You are viewing a plain text version of this content. The canonical link for it is here.
Posted to user@flume.apache.org by wenxing zheng <we...@gmail.com> on 2017/11/23 03:07:17 UTC

Can HDFS sink support exactly once delivery to avoid the duplication of data

Dear experts,

When using the HDFS sinks with the KafkaChannel, we found that the data
might be duplicated due to the writing timeout.

Can the HDFS sink support the writing of the flume events in Kafka in
exactly once?

Appreciated for any advice.
Regards, Wenxing

Re: Can HDFS sink support exactly once delivery to avoid the duplication of data

Posted by Ferenc Szabo <fs...@cloudera.com>.
Dear Wenxing,

the current implementation of the HDFS sink is at least once delivery.
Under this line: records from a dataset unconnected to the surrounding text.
lemma norm_bound:
  assumes bound: "\<And>u. u \<in> V \<Longrightarrow> \<bar>inner (A u) u\<bar> \<le> e * (norm u)\<^sup>2"
    and e: "0 \<le> e" and x: "x \<in> V"
  shows "norm (A x) \<le> e * norm x"
proof (cases "A x = 0")
  case True
  then show ?thesis using e by simp
next
  case False
  then have nx: "norm x > 0" using scaleR[OF x, of 0] by auto
  have ny: "norm (A x) > 0" using False by simp
  define s where "s = norm x / norm (A x)"
  have "s *\<^sub>R A x \<in> V" using maps_to[OF x] subspace by (simp add: subspace_scale)
  from polarization_bound[OF bound x this]
  have "4 * s * (norm (A x))\<^sup>2 \<le> 2 * e * ((norm x)\<^sup>2 + s\<^sup>2 * (norm (A x))\<^sup>2)"
    by (simp add: power2_norm_eq_inner power_mult_distrib)
  then have "norm x * norm (A x) \<le> norm x * (e * norm x)"
    using ny by (simp add: s_def power2_eq_square field_simps)
  then show ?thesis using nx by simp
qed

end

locale self_adjoint_with_pvm = projection_valued_measure E
  for E :: "real set \<Rightarrow> 'h::complex_hilbert \<Rightarrow> 'h" +
  fixes T :: "'h op"
  assumes self_adjoint: "self_adjoint_op T" and spectral: "is_spectral_measure_of T E"
begin

lemma domain_iff: "x \<in> fst T \<longleftrightarrow> integrable (\<mu> x) (\<lambda>t. t\<^sup>2)"
  using spectral unfolding is_spectral_measure_of_def by blast

lemma quadratic_form: "x \<in> fst T \<Longrightarrow> inner (snd T x) x = integral\<^sup>L (\<mu> x) (\<lambda>t. t)"
  using spectral unfolding is_spectral_measure_of_def by blast

lemma subspace_domain: "subspace (fst T)"
  using self_adjoint unfolding self_adjoint_op_def clinear_op_def csubspace_def by blast

lemma op_add: "x \<in> fst T \<Longrightarrow> y \<in> fst T \<Longrightarrow> snd T (x + y) = snd T x + snd T y"
  using self_adjoint unfolding self_adjoint_op_def clinear_op_def by blast

lemma op_scaleR: "x \<in> fst T \<Longrightarrow> snd T (r *\<^sub>R x) = r *\<^sub>R snd T x"
  using self_adjoint unfolding self_adjoint_op_def clinear_op_def by blast

lemma op_symmetric: "x \<in> fst T \<Longrightarrow> y \<in> fst T \<Longrightarrow> inner (snd T x) y = inner x (snd T y)"
  using self_adjoint unfolding self_adjoint_op_def by blast

lemma dense_domain: "closure (fst T) = UNIV"
  using self_adjoint unfolding self_adjoint_op_def by blast

lemma integrable_\<mu>_id: "x \<in> fst T \<Longrightarrow> integrable (\<mu> x) (\<lambda>t. t)"
  unfolding domain_iff
  by (rule finite_measure.square_integrable_imp_integrable[OF finite_measure_\<mu>])
    (auto intro: borel_measurable_\<mu>)

lemma E_in_domain:
  assumes S: "S \<in> sets borel" and x: "x \<in> fst T"
  shows "E S x \<in> fst T"
proof -
  have "integrable (\<mu> x) (\<lambda>t. indicator S t *\<^sub>R t\<^sup>2)"
    using x S by (intro integrable_mult_indicator) (auto simp: domain_iff)
  then show ?thesis
    using integrable_\<mu>_E[OF S, of "\<lambda>t. t\<^sup>2" x] by (simp add: domain_iff)
qed

lemma E_bounded_in_domain:
  assumes S: "S \<in> sets borel" and bounded: "S \<subseteq> {-r..r}"
  shows "E S y \<in> fst T"
proof -
  interpret finite_measure "\<mu> y" by (rule finite_measure_\<mu>)
  have "integrable (\<mu> y) (\<lambda>t. indicator S t * t\<^sup>2)"
  proof (rule Bochner_Integration.integrable_bound[of "\<mu> y" "\<lambda>t. r\<^sup>2"])
    show "(\<lambda>t. indicator S t * t\<^sup>2) \<in> borel_measurable (\<mu> y)"
      using S by (intro borel_measurable_\<mu>) simp
    have "t\<^sup>2 \<le> r\<^sup>2" if "t \<in> S" for t
    proof -
      have "t \<in> {-r..r}" using that bounded by blast
      then have "\<bar>t\<bar> \<le> \<bar>r\<bar>" by auto
      then show ?thesis by (simp add: abs_le_square_iff)
    qed
    then show "AE t in \<mu> y. norm (indicator S t * t\<^sup>2) \<le> norm (r\<^sup>2)"
      by (intro AE_I2) (simp split: split_indicator)
  qed simp
  then show ?thesis
    using integrable_\<mu>_E[OF S, of "\<lambda>t. t\<^sup>2" y] by (simp add: domain_iff)
qed

text \<open>The spectral subspaces reduce T. The quadratic form is additive over the orthogonal
  splitting x + E(-I) z, so the cross term vanishes, and E(-I) T x is orthogonal to a dense set.\<close>

lemma op_preserves_E_range:
  assumes I: "I \<in> sets borel" and x: "x \<in> fst T" and Ix: "E I x = x"
  shows "E I (snd T x) = snd T x"
proof -
  have cI: "-I \<in> sets borel" using I by (rule borel_comp)
  have orth: "inner (snd T x) (E (-I) z) = 0" if z: "z \<in> fst T" for z
  proof -
    define z' where "z' = E (-I) z"
    define w where "w = x + z'"
    have z': "z' \<in> fst T" using E_in_domain[OF cI z] z'_def by simp
    have w: "w \<in> fst T" using subspace_domain x z' by (simp add: w_def subspace_add)
    have Iw: "E I w = x" and cIw: "E (-I) w = z'"
      using Ix E_add[OF I] E_Compl[OF I] E_disjoint_eq_0[OF I cI, of z] by (auto simp: w_def z'_def)
    have iw: "integrable (\<mu> w) (\<lambda>t. t)" by (rule integrable_\<mu>_id[OF w])
    have I': "I \<in> sets (\<mu> w)" "-I \<in> sets (\<mu> w)" using I cI by simp_all
    have split: "(\<lambda>t. t) = (\<lambda>t. indicator I t * t + indicator (-I) t * t)"
      by (auto simp: fun_eq_iff split: split_indicator)
    have "integral\<^sup>L (\<mu> w) (\<lambda>t. t)
        = integral\<^sup>L (\<mu> w) (\<lambda>t. indicator I t * t) + integral\<^sup>L (\<mu> w) (\<lambda>t. indicator (-I) t * t)"
      by (subst split) (intro Bochner_Integration.integral_add integrable_mult_indicator[OF I'(1) iw, simplified]
          integrable_mult_indicator[OF I'(2) iw, simplified])
    also have "\<dots> = integral\<^sup>L (\<mu> x) (\<lambda>t. t) + integral\<^sup>L (\<mu> z') (\<lambda>t. t)"
      using integral_\<mu>_E[OF I, of "\<lambda>t. t" w] integral_\<mu>_E[OF cI, of "\<lambda>t. t" w] Iw cIw by simp
    finally have "inner (snd T w) w = inner (snd T x) x + inner (snd T z') z'"
      using quadratic_form[OF w] quadratic_form[OF x] quadratic_form[OF z'] by simp
    moreover have "inner (snd T w) w
        = inner (snd T x) x + inner (snd T z') z' + 2 * inner (snd T x) z'"
      using op_symmetric[OF z' x]
      by (simp add: w_def op_add[OF x z'] inner_add inner_commute algebra_simps)
    ultimately show ?thesis by (simp add: z'_def)
  qed
  define v where "v = E (-I) (snd T x)"
  have "inner v z = 0" if "z \<in> fst T" for z
    using orth[OF that] E_self_adjoint[OF cI] by (simp add: v_def)
  then have "closure (fst T) \<subseteq> {z. inner v z = 0}"
    by (intro closure_minimal closed_Collect_eq continuous_intros) auto
  then have "inner v v = 0" using dense_domain by blast
  then have "v = 0" by simp
  then show ?thesis using E_Compl[OF I, of "snd T x"] by (simp add: v_def)
qed

text \<open>On a spectral subspace of an interval of radius e around t, T - t is a symmetric
  operator whose quadratic form is bounded by e, hence so is its norm.\<close>

lemma op_near_scalar_on_E_interval:
  assumes e: "0 \<le> e" and u: "E {t-e..t+e} u = u"
  shows "u \<in> fst T \<and> norm (snd T u - t *\<^sub>R u) \<le> e * norm u"
proof -
  define I where "I = {t-e..t+e}"
  have I: "I \<in> sets borel" and cI: "-I \<in> sets borel" unfolding I_def by simp_all
  define V where "V = {u. E I u = u}"
  have V_domain: "v \<in> fst T" if "v \<in> V" for v
  proof -
    have "I \<subseteq> {-(\<bar>t\<bar> + e)..\<bar>t\<bar> + e}" unfolding I_def by auto
    from E_bounded_in_domain[OF I this, of v] that show ?thesis by (simp add: V_def)
  qed
  define A where "A = (\<lambda>v. snd T v - t *\<^sub>R v)"
  interpret symmetric_on_subspace V A
  proof
    show "subspace V"
      unfolding subspace_def V_def using E_add[OF I] E_scaleR[OF I] E_zero[OF I] by auto
  qed (use op_preserves_E_range[OF I] V_domain op_add op_scaleR op_symmetric in
        \<open>auto simp: V_def A_def E_diff[OF I] E_scaleR[OF I] inner_diff algebra_simps\<close>)
  have "\<bar>inner (A v) v\<bar> \<le> e * (norm v)\<^sup>2" if v: "v \<in> V" for v
  proof -
    interpret finite_measure "\<mu> v" by (rule finite_measure_\<mu>)
    have iv: "integrable (\<mu> v) (\<lambda>s. s - t)"
      using integrable_\<mu>_id[OF V_domain[OF v]] by simp
    have "AE s in \<mu> v. s \<in> I"
      using AE_\<mu>_notin[OF cI] E_Compl[OF I, of v] v by (simp add: V_def)
    then have "AE s in \<mu> v. \<bar>s - t\<bar> \<le> e" by eventually_elim (simp add: I_def abs_le_iff)
    then have "\<bar>integral\<^sup>L (\<mu> v) (\<lambda>s. s - t)\<bar> \<le> integral\<^sup>L (\<mu> v) (\<lambda>s. e)"
      by (intro integral_abs_bound_integral[THEN order_trans] integral_mono_AE) (auto intro: iv)
    moreover have "inner (A v) v = integral\<^sup>L (\<mu> v) (\<lambda>s. s - t)"
      using quadratic_form[OF V_domain[OF v]] integrable_\<mu>_id[OF V_domain[OF v]] measure_\<mu>_space[of v]
      by (simp add: A_def inner_diff power2_norm_eq_inner)
    ultimately show ?thesis using measure_\<mu>_space[of v] by (simp add: mult.commute)
  qed
  moreover have "u \<in> V" using u by (simp add: V_def I_def)
  ultimately show ?thesis using norm_bound[OF _ e] V_domain by (simp add: A_def)
qed

lemma op_eq_0_on_E_0: "E {0} u = u \<Longrightarrow> u \<in> fst T \<and> snd T u = 0"
  using op_near_scalar_on_E_interval[of 0 0 u] by simp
The
exactly once delivery is a harder problem to solve, so I would not expect a
solution for that in the near future.

Regards, Ferenc Szabo

On Thu, Nov 23, 2017 at 4:07 AM, wenxing zheng <we...@gmail.com>
wrote:

> Dear experts,
>
> When using the HDFS sinks with the KafkaChannel, we found that the data
> might be duplicated due to the writing timeout.
>
> Can the HDFS sink support the writing of the flume events in Kafka in
> exactly once?
>
> Appreciated for any advice.
> Regards, Wenxing
>